For the word "blast", state how many lines of the listing below contain it. Give the number and nothing more.

(Input data)

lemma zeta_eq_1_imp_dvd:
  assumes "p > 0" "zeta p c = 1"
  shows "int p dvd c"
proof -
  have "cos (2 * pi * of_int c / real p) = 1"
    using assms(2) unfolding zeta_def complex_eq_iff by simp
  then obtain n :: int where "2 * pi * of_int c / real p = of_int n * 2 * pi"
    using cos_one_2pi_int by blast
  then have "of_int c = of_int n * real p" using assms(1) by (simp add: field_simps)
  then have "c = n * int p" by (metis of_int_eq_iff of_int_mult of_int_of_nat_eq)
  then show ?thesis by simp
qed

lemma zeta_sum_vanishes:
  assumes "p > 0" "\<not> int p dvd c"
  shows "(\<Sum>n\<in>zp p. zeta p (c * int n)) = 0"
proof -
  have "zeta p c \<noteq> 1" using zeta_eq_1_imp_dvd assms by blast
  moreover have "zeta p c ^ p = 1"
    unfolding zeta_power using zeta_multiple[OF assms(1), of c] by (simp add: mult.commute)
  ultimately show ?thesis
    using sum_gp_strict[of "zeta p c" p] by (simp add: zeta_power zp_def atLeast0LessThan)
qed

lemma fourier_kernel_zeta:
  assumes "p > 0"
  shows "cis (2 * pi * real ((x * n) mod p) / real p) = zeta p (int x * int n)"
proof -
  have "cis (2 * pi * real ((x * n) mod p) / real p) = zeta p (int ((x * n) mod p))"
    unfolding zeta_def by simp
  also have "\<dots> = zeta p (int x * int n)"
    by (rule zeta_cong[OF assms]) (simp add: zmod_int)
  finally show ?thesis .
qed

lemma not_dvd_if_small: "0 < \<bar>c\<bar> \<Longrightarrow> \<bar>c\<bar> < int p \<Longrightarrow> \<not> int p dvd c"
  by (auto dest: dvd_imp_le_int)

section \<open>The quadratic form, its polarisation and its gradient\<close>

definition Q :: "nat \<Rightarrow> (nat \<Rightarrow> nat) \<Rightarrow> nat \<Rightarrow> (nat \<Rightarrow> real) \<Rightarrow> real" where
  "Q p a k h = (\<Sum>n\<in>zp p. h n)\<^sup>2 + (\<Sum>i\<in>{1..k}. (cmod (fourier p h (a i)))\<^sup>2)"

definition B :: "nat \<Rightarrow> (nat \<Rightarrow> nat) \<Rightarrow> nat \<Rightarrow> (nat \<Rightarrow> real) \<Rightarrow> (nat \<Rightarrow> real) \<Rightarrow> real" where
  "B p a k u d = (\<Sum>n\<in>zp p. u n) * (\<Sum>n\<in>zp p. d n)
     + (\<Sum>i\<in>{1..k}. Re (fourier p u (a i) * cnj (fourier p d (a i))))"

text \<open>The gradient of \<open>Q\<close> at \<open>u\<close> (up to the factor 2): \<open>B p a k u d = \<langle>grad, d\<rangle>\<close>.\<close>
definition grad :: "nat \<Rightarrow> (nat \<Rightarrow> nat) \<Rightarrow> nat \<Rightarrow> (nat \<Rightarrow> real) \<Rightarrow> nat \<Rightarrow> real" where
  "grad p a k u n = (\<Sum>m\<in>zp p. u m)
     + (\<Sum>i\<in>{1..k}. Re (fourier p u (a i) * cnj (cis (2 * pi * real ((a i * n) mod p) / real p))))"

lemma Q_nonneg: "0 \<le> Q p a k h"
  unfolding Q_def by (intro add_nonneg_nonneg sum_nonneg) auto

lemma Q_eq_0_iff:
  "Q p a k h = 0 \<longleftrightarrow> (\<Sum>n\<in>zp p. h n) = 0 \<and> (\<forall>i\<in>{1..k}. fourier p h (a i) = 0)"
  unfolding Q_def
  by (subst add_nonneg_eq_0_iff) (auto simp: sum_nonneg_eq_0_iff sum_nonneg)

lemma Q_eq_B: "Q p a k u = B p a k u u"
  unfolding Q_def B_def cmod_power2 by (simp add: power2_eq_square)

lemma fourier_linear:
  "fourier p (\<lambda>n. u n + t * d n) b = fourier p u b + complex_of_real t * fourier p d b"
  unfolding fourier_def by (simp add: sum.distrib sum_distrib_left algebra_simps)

(End Input data)

* [Answer to this exercise]:
2